(Data supplied Opens)
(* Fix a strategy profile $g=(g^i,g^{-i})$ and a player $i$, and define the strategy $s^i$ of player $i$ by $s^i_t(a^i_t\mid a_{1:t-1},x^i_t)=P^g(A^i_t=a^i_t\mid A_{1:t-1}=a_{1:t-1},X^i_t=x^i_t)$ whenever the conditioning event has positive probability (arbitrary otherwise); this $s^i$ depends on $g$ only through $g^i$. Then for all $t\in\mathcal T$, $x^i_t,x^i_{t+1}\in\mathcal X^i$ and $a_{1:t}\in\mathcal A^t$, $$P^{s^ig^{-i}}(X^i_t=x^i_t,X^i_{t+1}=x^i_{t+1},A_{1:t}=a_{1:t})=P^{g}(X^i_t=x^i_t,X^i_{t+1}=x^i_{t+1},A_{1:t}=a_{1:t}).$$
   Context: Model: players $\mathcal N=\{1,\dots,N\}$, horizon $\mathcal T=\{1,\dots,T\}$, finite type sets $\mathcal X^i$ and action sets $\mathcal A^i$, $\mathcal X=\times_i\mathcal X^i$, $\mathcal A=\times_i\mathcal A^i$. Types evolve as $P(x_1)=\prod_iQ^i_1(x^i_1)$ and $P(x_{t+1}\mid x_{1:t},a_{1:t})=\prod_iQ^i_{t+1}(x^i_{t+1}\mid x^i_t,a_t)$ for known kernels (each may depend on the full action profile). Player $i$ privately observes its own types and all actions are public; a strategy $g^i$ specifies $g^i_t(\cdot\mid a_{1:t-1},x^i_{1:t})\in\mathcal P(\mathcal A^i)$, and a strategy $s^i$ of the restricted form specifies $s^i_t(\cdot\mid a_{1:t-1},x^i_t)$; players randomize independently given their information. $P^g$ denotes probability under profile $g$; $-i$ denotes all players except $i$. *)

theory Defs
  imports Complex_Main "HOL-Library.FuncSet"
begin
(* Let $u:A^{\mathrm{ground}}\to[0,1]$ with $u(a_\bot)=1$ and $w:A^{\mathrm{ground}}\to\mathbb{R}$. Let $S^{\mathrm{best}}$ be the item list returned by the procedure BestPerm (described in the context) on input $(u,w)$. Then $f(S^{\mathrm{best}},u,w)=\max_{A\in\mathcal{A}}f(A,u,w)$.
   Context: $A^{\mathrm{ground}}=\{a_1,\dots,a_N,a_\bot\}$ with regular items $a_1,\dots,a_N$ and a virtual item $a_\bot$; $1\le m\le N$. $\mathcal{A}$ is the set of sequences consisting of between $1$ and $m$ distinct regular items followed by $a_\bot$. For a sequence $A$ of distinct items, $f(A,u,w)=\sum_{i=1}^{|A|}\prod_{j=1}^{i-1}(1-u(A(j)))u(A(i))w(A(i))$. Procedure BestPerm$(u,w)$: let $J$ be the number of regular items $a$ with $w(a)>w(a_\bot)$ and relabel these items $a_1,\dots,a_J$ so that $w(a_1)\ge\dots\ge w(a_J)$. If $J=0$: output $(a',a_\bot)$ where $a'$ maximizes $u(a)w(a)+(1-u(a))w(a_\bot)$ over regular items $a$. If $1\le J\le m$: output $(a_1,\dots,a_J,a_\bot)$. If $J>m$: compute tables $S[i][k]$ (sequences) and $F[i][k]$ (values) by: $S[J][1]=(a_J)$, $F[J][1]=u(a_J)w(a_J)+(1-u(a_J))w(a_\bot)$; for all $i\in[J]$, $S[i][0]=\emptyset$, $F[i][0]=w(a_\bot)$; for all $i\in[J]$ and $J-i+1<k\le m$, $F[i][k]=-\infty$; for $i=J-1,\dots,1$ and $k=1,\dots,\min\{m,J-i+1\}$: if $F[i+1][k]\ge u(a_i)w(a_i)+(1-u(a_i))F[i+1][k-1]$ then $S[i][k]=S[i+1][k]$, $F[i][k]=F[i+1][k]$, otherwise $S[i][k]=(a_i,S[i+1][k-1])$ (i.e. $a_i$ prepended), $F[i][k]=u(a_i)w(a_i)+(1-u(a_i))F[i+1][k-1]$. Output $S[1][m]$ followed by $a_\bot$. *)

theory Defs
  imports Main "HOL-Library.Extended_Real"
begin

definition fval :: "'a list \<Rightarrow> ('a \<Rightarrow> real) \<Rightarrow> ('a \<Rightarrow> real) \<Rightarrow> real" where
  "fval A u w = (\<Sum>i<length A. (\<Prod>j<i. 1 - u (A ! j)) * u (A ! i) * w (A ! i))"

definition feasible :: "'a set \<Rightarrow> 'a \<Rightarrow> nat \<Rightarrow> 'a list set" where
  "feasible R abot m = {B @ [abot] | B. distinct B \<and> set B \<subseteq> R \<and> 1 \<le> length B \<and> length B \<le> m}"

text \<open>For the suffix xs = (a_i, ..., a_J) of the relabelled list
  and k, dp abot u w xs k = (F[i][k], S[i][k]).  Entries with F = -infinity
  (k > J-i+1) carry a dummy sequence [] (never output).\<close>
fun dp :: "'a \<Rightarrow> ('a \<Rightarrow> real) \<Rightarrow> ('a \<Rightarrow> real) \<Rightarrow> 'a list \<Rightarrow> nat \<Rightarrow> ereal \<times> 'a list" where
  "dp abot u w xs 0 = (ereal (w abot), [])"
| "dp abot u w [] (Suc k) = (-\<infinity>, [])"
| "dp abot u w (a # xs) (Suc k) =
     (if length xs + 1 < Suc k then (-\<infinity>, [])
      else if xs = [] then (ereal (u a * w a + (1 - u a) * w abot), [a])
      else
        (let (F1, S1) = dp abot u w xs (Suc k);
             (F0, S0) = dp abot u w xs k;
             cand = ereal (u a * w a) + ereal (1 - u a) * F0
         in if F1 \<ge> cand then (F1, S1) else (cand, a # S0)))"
(Data supplied Closes)
(Data supplied Opens)
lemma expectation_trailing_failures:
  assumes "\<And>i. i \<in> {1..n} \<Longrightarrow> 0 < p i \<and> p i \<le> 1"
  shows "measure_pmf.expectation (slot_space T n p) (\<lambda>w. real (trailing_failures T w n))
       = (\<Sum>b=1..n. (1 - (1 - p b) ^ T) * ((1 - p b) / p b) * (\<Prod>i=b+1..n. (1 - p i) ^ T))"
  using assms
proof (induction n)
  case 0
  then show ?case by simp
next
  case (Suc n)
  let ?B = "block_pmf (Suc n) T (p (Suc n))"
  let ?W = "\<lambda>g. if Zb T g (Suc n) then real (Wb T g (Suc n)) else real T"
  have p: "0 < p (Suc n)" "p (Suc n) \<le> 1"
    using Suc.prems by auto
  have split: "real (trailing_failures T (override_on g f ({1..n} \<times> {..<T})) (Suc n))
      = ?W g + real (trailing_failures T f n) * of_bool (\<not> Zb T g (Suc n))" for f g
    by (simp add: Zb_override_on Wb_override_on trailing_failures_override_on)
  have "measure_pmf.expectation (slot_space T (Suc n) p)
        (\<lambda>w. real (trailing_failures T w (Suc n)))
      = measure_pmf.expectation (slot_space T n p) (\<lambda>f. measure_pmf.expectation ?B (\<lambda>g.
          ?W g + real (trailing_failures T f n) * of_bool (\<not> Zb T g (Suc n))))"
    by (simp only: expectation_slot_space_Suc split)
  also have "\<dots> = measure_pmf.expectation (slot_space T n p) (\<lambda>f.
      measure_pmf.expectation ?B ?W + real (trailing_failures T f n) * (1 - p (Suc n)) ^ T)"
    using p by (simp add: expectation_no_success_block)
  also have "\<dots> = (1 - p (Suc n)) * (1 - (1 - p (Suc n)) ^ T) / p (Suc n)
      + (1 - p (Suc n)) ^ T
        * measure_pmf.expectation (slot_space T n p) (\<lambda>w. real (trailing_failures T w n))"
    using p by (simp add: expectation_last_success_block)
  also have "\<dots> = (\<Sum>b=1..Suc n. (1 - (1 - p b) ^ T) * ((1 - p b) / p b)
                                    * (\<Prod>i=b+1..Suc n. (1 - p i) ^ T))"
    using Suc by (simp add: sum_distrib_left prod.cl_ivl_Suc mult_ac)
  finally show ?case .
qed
(Data supplied Closes)
— Exercise —
The string "using" may appear on lines of the data above; give the number of those lines and nothing more.

— Task result —
5